▶ [YOUR ASSIGNMENT]
Give again, word for word, every line in the entries below from the line with "G H \<alpha>" up to and including the line with "positive order).\<close>", and no other line.

==== MATERIAL SUPPLIED ====

(* Let $K$ be a commutative ring of characteristic $0$ with unit and $M$ a multiplicative $\mathbb{R}$-vector subspace of $\mathcal{H}^{>0}$. Let $F$ be an $M$-generalized power series over $K$ with generating monomials $m_0,\dots,m_k$ such that $\operatorname{lm}(F)$ is small, and let $P\in K[[T]]$. (1) $P\circ F$ is an $M$-generalized power series with generating monomials $m_0,\dots,m_k$. (2) Assume in addition that $\operatorname{supp}(F)$ is $M$-natural and the sequence $(\operatorname{lm}(F)^\nu:\nu\in\mathbb{N})$ is coinitial in $M$. Then $P\circ F$ has $M$-natural support.
   Context: $\mathcal{H}$ is the Hardy field of germs at $+\infty$ of unary functions definable in $\mathbb{R}_{\mathrm{an},\exp}$, totally ordered by eventual comparison; a germ is small if it tends to $0$. A generalized power series over $K$ in $X=(X_0,\dots,X_k)$ is $\sum_{\alpha\in[0,\infty)^{k+1}}a_\alpha X^\alpha$ with support in a product of well-ordered subsets of $\mathbb{R}$; these form a ring $K[[X^*]]$; the support is natural if for each $a>0$ and each $i$, $[0,a)\cap\Pi_i(\operatorname{supp}G)$ is finite. An $M$-generalized power series with generating monomials $m_0,\dots,m_k$ (small elements of $M$) is a series $G(m)=\sum_{n\in M}\big(\sum_{\alpha\in\operatorname{supp}G,\,m^\alpha=n}a_\alpha\big)n$ in the ring $K((M))$ of formal series with anti-well-ordered support, for some $G\in K[[X^*]]$ with natural support; $\operatorname{lm}$ denotes the largest support element. Composition: if $P=\sum_\nu a_\nu T^\nu$ and $F=G(m)$ with $G$ of natural support, then since $\operatorname{lm}(F)$ is small, $G$ has positive order, the sum $P\circ G:=\sum_\nu a_\nu G^\nu$ is a well-defined element of $K[[X^*]]$, and $P\circ F:=(P\circ G)(m)$; this does not depend on the choice of $G$. A subset $S\subseteq M$ is $M$-natural if $S\cap(a,+\infty)$ is finite for all $a\in M$; coinitial in $M$ means that for every $m\in M$ some term of the sequence is $\le m$. *)

theory Defs
  imports Complex_Main "HOL-Computational_Algebra.Formal_Power_Series"
begin

definition germ_eq :: "(real \<Rightarrow> real) \<Rightarrow> (real \<Rightarrow> real) \<Rightarrow> bool" where
  "germ_eq f g \<longleftrightarrow> (\<forall>\<^sub>F x in at_top. f x = g x)"

quotient_type germ = "real \<Rightarrow> real" / germ_eq
proof (rule equivpI)
  show "reflp germ_eq" by (simp add: reflp_def germ_eq_def)
  show "symp germ_eq" by (auto simp: symp_def germ_eq_def eq_commute)
  show "transp germ_eq" unfolding transp_def germ_eq_def
    by (auto elim: eventually_elim2)
qed

instantiation germ :: comm_monoid_mult
begin
lift_definition one_germ :: germ is "\<lambda>x. 1" .
lift_definition times_germ :: "germ \<Rightarrow> germ \<Rightarrow> germ" is "\<lambda>f g x. f x * g x"
  unfolding germ_eq_def by (auto elim: eventually_elim2)
instance
  by standard (transfer, simp add: germ_eq_def algebra_simps)+
end

lift_definition gpowr :: "germ \<Rightarrow> real \<Rightarrow> germ" is "\<lambda>f r x. f x powr r"
  unfolding germ_eq_def by (auto elim: eventually_mono)

lift_definition gless :: "germ \<Rightarrow> germ \<Rightarrow> bool" is
  "\<lambda>f g. \<forall>\<^sub>F x in at_top. f x < g x"
proof -
  fix f f' g g' :: "real \<Rightarrow> real"
  assume a: "germ_eq f f'" "germ_eq g g'"
  have "\<forall>\<^sub>F x in at_top. f x = f' x \<and> g x = g' x"
    using a unfolding germ_eq_def by (auto intro: eventually_conj)
  then show "(\<forall>\<^sub>F x in at_top. f x < g x) = (\<forall>\<^sub>F x in at_top. f' x < g' x)"
    by (auto elim: eventually_elim2)
qed

lift_definition gle :: "germ \<Rightarrow> germ \<Rightarrow> bool" is
  "\<lambda>f g. \<forall>\<^sub>F x in at_top. f x \<le> g x"
proof -
  fix f f' g g' :: "real \<Rightarrow> real"
  assume a: "germ_eq f f'" "germ_eq g g'"
  have "\<forall>\<^sub>F x in at_top. f x = f' x \<and> g x = g' x"
    using a unfolding germ_eq_def by (auto intro: eventually_conj)
  then show "(\<forall>\<^sub>F x in at_top. f x \<le> g x) = (\<forall>\<^sub>F x in at_top. f' x \<le> g' x)"
    by (auto elim: eventually_elim2)
qed

lift_definition gpos :: "germ \<Rightarrow> bool" is "\<lambda>f. \<forall>\<^sub>F x in at_top. f x > 0"
proof -
  fix f f' :: "real \<Rightarrow> real"
  assume a: "germ_eq f f'"
  then show "(\<forall>\<^sub>F x in at_top. f x > 0) = (\<forall>\<^sub>F x in at_top. f' x > 0)"
    unfolding germ_eq_def by (auto elim: eventually_elim2)
qed

lift_definition gsmall :: "germ \<Rightarrow> bool" is "\<lambda>f. (f \<longlongrightarrow> 0) at_top"
  unfolding germ_eq_def using tendsto_cong by blast

text \<open>M is a multiplicative R-vector subspace of the positive germs, totally ordered
  by eventual comparison (as any subset of the Hardy field H is).\<close>
definition mult_R_subspace :: "germ set \<Rightarrow> bool" where
  "mult_R_subspace M \<longleftrightarrow> M \<noteq> {} \<and> (\<forall>a\<in>M. gpos a) \<and>
     (\<forall>a\<in>M. \<forall>b\<in>M. a * b \<in> M) \<and> (\<forall>a\<in>M. \<forall>r::real. gpowr a r \<in> M) \<and>
     (\<forall>a\<in>M. \<forall>b\<in>M. gless a b \<or> a = b \<or> gless b a)"

text \<open>Exponent vectors alpha in [0,inf)^(k+1) are encoded as functions nat => real
  vanishing outside {0..k}; a series is its coefficient function.\<close>
type_synonym 'k gser = "(nat \<Rightarrow> real) \<Rightarrow> 'k"

definition gsupp :: "'k::zero gser \<Rightarrow> (nat \<Rightarrow> real) set" where
  "gsupp G = {\<alpha>. G \<alpha> \<noteq> 0}"

definition well_ordered_set :: "real set \<Rightarrow> bool" where
  "well_ordered_set S \<longleftrightarrow> (\<forall>A. A \<subseteq> S \<and> A \<noteq> {} \<longrightarrow> (\<exists>a\<in>A. \<forall>b\<in>A. a \<le> b))"

definition is_gps :: "nat \<Rightarrow> 'k::zero gser \<Rightarrow> bool" where
  "is_gps k G \<longleftrightarrow>
     (\<forall>\<alpha>\<in>gsupp G. (\<forall>i\<le>k. 0 \<le> \<alpha> i) \<and> (\<forall>i>k. \<alpha> i = 0)) \<and>
     (\<exists>S. (\<forall>i\<le>k. well_ordered_set (S i)) \<and> (\<forall>\<alpha>\<in>gsupp G. \<forall>i\<le>k. \<alpha> i \<in> S i))"

definition natural_support :: "nat \<Rightarrow> 'k::zero gser \<Rightarrow> bool" where
  "natural_support k G \<longleftrightarrow>
     (\<forall>a>0. \<forall>i\<le>k. finite ({0..<a} \<inter> (\<lambda>\<alpha>. \<alpha> i) ` gsupp G))"

definition gps_one :: "'k::{zero,one} gser" where
  "gps_one \<alpha> = (if \<alpha> = (\<lambda>_. 0) then 1 else 0)"

definition gps_mult :: "'k::comm_ring_1 gser \<Rightarrow> 'k gser \<Rightarrow> 'k gser" where
  "gps_mult G H \<alpha> =
     (\<Sum>(\<beta>, \<gamma>) \<in> {(\<beta>, \<gamma>). G \<beta> \<noteq> 0 \<and> H \<gamma> \<noteq> 0 \<and> (\<lambda>i. \<beta> i + \<gamma> i) = \<alpha>}. G \<beta> * H \<gamma>)"

primrec gps_pow :: "'k::comm_ring_1 gser \<Rightarrow> nat \<Rightarrow> 'k gser" where
  "gps_pow G 0 = gps_one"
| "gps_pow G (Suc n) = gps_mult G (gps_pow G n)"

text \<open>P o G = sum_nu a_nu G^nu (coefficientwise; finitely many nonzero terms when G has
  positive order).\<close>
definition gps_comp :: "'k::comm_ring_1 fps \<Rightarrow> 'k gser \<Rightarrow> 'k gser" where
  "gps_comp P G \<alpha> = (\<Sum>\<nu> \<in> {\<nu>. gps_pow G \<nu> \<alpha> \<noteq> 0}. fps_nth P \<nu> * gps_pow G \<nu> \<alpha>)"

definition mono_pow :: "nat \<Rightarrow> (nat \<Rightarrow> germ) \<Rightarrow> (nat \<Rightarrow> real) \<Rightarrow> germ" where
  "mono_pow k m \<alpha> = (\<Prod>i\<le>k. gpowr (m i) (\<alpha> i))"

text \<open>G(m) as element of K((M)), written as coefficient function on germs.\<close>
definition gen_eval :: "nat \<Rightarrow> 'k::comm_ring_1 gser \<Rightarrow> (nat \<Rightarrow> germ) \<Rightarrow> germ \<Rightarrow> 'k" where
  "gen_eval k G m n = (\<Sum>\<alpha> \<in> {\<alpha>. G \<alpha> \<noteq> 0 \<and> mono_pow k m \<alpha> = n}. G \<alpha>)"

definition is_M_gps :: "germ set \<Rightarrow> nat \<Rightarrow> (nat \<Rightarrow> germ) \<Rightarrow> (germ \<Rightarrow> 'k::comm_ring_1) \<Rightarrow> bool" where
  "is_M_gps M k m F \<longleftrightarrow> (\<forall>i\<le>k. m i \<in> M \<and> gsmall (m i)) \<and>
     (\<exists>G. is_gps k G \<and> natural_support k G \<and> F = gen_eval k G m)"

definition is_lm :: "(germ \<Rightarrow> 'k::zero) \<Rightarrow> germ \<Rightarrow> bool" where
  "is_lm F l \<longleftrightarrow> F l \<noteq> 0 \<and> (\<forall>n. F n \<noteq> 0 \<longrightarrow> gle n l)"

====

▶ [WRITTEN SOLUTION]
  "gps_mult G H \<alpha> =
     (\<Sum>(\<beta>, \<gamma>) \<in> {(\<beta>, \<gamma>). G \<beta> \<noteq> 0 \<and> H \<gamma> \<noteq> 0 \<and> (\<lambda>i. \<beta> i + \<gamma> i) = \<alpha>}. G \<beta> * H \<gamma>)"

primrec gps_pow :: "'k::comm_ring_1 gser \<Rightarrow> nat \<Rightarrow> 'k gser" where
  "gps_pow G 0 = gps_one"
| "gps_pow G (Suc n) = gps_mult G (gps_pow G n)"

text \<open>P o G = sum_nu a_nu G^nu (coefficientwise; finitely many nonzero terms when G has
  positive order).\<close>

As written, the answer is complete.